(DATA PROVIDED)
definition utility :: "nat \<Rightarrow> nat \<Rightarrow> (profile \<Rightarrow> allocation) \<Rightarrow> valuation \<Rightarrow> profile \<Rightarrow> nat \<Rightarrow> real" where
  "utility m n alloc vi b i = vi (alloc b i) - payment m n alloc b i"

definition is_nash_gs :: "nat \<Rightarrow> nat \<Rightarrow> (profile \<Rightarrow> allocation) \<Rightarrow> profile \<Rightarrow> profile \<Rightarrow> bool" where
  "is_nash_gs m n alloc v b \<longleftrightarrow> (\<forall>i<n. gross_substitutes m (b i)) \<and>
     (\<forall>i<n. \<forall>b'. gross_substitutes m b' \<longrightarrow>
        utility m n alloc (v i) (b(i := b')) i \<le> utility m n alloc (v i) b i)"

end

theory Submission
  imports Defs "HOL-Library.FuncSet"
begin

text \<open>Fix a welfare-maximising partition \<open>y\<close> for the true valuations and let every agent \<open>k\<close> bid the
additive, hence gross-substitutes, valuation \<open>S \<mapsto> H \<cdot> |S \<inter> y k|\<close>, where \<open>H\<close> exceeds every true
value. The mechanism then allocates \<open>y\<close> at price zero, since a second copy of an item adds no declared
value. A deviating agent \<open>i\<close> who still receives a subset of \<open>y i\<close> gains nothing by monotonicity. If
instead he receives an item \<open>j \<in> y k\<close> with \<open>k \<noteq> i\<close>, then a second copy of \<open>j\<close> given to \<open>k\<close>
raises the declared welfare by \<open>H\<close>, so \<open>j\<close> alone costs more than any bundle is worth to \<open>i\<close>.\<close>

lemma finite_bundle_sums:
  fixes b :: profile
  assumes "finite B"
  shows "finite {(\<Sum>i<n. b i (S i)) | S. (\<forall>i<n. S i \<subseteq> B) \<and> P S}"
proof (rule finite_subset)
  let ?sums = "(\<lambda>S. \<Sum>i<n. b i (S i)) ` PiE {..<n} (\<lambda>_. Pow B)"
  show "{(\<Sum>i<n. b i (S i)) | S. (\<forall>i<n. S i \<subseteq> B) \<and> P S} \<subseteq> ?sums"
  proof clarify
    fix S assume "\<forall>i<n. S i \<subseteq> B"
    then have "restrict S {..<n} \<in> PiE {..<n} (\<lambda>_. Pow B)" by (simp add: PiE_iff)
    moreover have "(\<Sum>i<n. b i (S i)) = (\<Sum>i<n. b i (restrict S {..<n} i))" by simp
    ultimately show "(\<Sum>i<n. b i (S i)) \<in> ?sums" by blast
  qed
  show "finite ?sums" using assms by (intro finite_imageI finite_PiE) auto
qed

lemma sum_le_W:
  assumes "\<forall>i<n. S i \<subseteq> {..<m}" and "\<forall>j<m. card {i. i < n \<and> j \<in> S i} \<le> x j"
  shows "(\<Sum>i<n. b i (S i)) \<le> W m n b x"
  unfolding W_def using assms by (intro Max_ge finite_bundle_sums) blast+

lemma W_le:
  assumes "\<And>S. \<forall>i<n. S i \<subseteq> {..<m} \<Longrightarrow> \<forall>j<m. card {i. i < n \<and> j \<in> S i} \<le> x j
      \<Longrightarrow> (\<Sum>i<n. b i (S i)) \<le> c"
  shows "W m n b x \<le> c"
  unfolding W_def
proof (rule Max.boundedI)
  have "(\<Sum>i<n. b i {}) \<in> {(\<Sum>i<n. b i (S i)) | S. (\<forall>i<n. S i \<subseteq> {..<m})
      \<and> (\<forall>j<m. card {i. i < n \<and> j \<in> S i} \<le> x j)}"
    by (intro CollectI exI[of _ "\<lambda>_. {}"]) simp
  then show "{(\<Sum>i<n. b i (S i)) | S. (\<forall>i<n. S i \<subseteq> {..<m})
      \<and> (\<forall>j<m. card {i. i < n \<and> j \<in> S i} \<le> x j)} \<noteq> {}" by blast
qed (use assms in \<open>auto intro: finite_bundle_sums\<close>)

lemma W_mono:
  assumes "\<forall>j<m. x j \<le> y j"
  shows "W m n b x \<le> W m n b y"
  by (rule W_le, rule sum_le_W) (use assms in \<open>auto intro: le_trans\<close>)

lemma item_price_nonneg: "0 \<le> item_price m n b j"
  unfolding item_price_def using W_mono[of m ones "ones_plus j"]
  by (simp add: ones_def ones_plus_def)

lemma is_partitionD:
  assumes "is_partition m n x"
  shows partition_subset: "i < n \<Longrightarrow> x i \<subseteq> {..<m}"
    and partition_disjoint: "i < n \<Longrightarrow> k < n \<Longrightarrow> i \<noteq> k \<Longrightarrow> x i \<inter> x k = {}"
    and partition_cover: "j < m \<Longrightarrow> \<exists>k<n. j \<in> x k"
proof -
  show "i < n \<Longrightarrow> x i \<subseteq> {..<m}" using assms unfolding is_partition_def by blast
  show "i < n \<Longrightarrow> k < n \<Longrightarrow> i \<noteq> k \<Longrightarrow> x i \<inter> x k = {}"
    using assms unfolding is_partition_def by blast
  show "j < m \<Longrightarrow> \<exists>k<n. j \<in> x k"
    using assms unfolding is_partition_def by (metis UN_iff lessThan_iff)
qed

lemma card_owners_partition_le_1:
  assumes "is_partition m n x"
  shows "card {i. i < n \<and> j \<in> x i} \<le> 1"
proof -
  have "i = k" if "i \<in> {i. i < n \<and> j \<in> x i}" "k \<in> {i. i < n \<and> j \<in> x i}" for i k
    using that assms unfolding is_partition_def by blast
  then show ?thesis by (simp add: card_le_Suc0_iff_eq)
qed

lemma sum_card_partition:
  assumes "is_partition m n x"
  shows "(\<Sum>i<n. card (x i)) = m"
proof -
  have "card (\<Union>i<n. x i) = (\<Sum>i<n. card (x i))"
    using assms unfolding is_partition_def
    by (intro card_UN_disjoint) (auto intro: finite_subset[of _ "{..<m}"])
  with assms show ?thesis unfolding is_partition_def by simp
qed

lemma partition_subset_imp_eq:
  assumes x: "is_partition m n x" and y: "is_partition m n y" and sub: "\<forall>i<n. x i \<subseteq> y i"
  shows "\<forall>i<n. x i = y i"
proof (intro allI impI equalityI)
  fix i assume "i < n"
  then show "x i \<subseteq> y i" using sub by blast
  show "y i \<subseteq> x i"
  proof
    fix j assume "j \<in> y i"
    with partition_subset[OF y \<open>i < n\<close>] partition_cover[OF x] obtain k where "k < n" "j \<in> x k"
      by blast
    with sub have "j \<in> y k" by blast
    with partition_disjoint[OF y \<open>i < n\<close> \<open>k < n\<close>] \<open>j \<in> y i\<close> have "k = i" by blast
    with \<open>j \<in> x k\<close> show "j \<in> x i" by simp
  qed
qed

lemma disjoint_bundles_extend_to_partition:
  assumes "0 < n" and sub: "\<forall>i<n. S i \<subseteq> {..<m}"
    and disj: "\<forall>i<n. \<forall>k<n. i \<noteq> k \<longrightarrow> S i \<inter> S k = {}"
  obtains x where "is_partition m n x" and "\<forall>i<n. S i \<subseteq> x i"
proof
  define R where "R = {..<m} - (\<Union>i<n. S i)"
  define x where "x = S(0 := S 0 \<union> R)"
  show S_x: "\<forall>i<n. S i \<subseteq> x i" by (simp add: x_def)
  have R_disj: "R \<inter> S k = {}" if "k < n" for k using that by (auto simp: R_def)
  have "x i \<subseteq> {..<m}" if "i < n" for i using sub that by (simp add: x_def R_def)
  moreover have "x i \<inter> x k = {}" if "i < n" "k < n" "i \<noteq> k" for i k
    using disj R_disj[of i] R_disj[of k] that by (auto simp: x_def)
  moreover have "{..<m} \<subseteq> (\<Union>i<n. x i)"
  proof
    fix j assume "j \<in> {..<m}"
    show "j \<in> (\<Union>i<n. x i)"
    proof (cases "j \<in> R")
      case True
      then show ?thesis using \<open>0 < n\<close> by (auto simp: x_def)
    next
      case False
      with \<open>j \<in> {..<m}\<close> obtain i where "i < n" "j \<in> S i" by (auto simp: R_def)
      with S_x show ?thesis by blast
    qed
  qed
  ultimately show "is_partition m n x" unfolding is_partition_def by blast
qed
(End DATA PROVIDED)
Print the records above verbatim from their first line to the line containing "allocation) \<Rightarrow> profile", both included, and stop there.

definition utility :: "nat \<Rightarrow> nat \<Rightarrow> (profile \<Rightarrow> allocation) \<Rightarrow> valuation \<Rightarrow> profile \<Rightarrow> nat \<Rightarrow> real" where
  "utility m n alloc vi b i = vi (alloc b i) - payment m n alloc b i"

definition is_nash_gs :: "nat \<Rightarrow> nat \<Rightarrow> (profile \<Rightarrow> allocation) \<Rightarrow> profile \<Rightarrow> profile \<Rightarrow> bool" where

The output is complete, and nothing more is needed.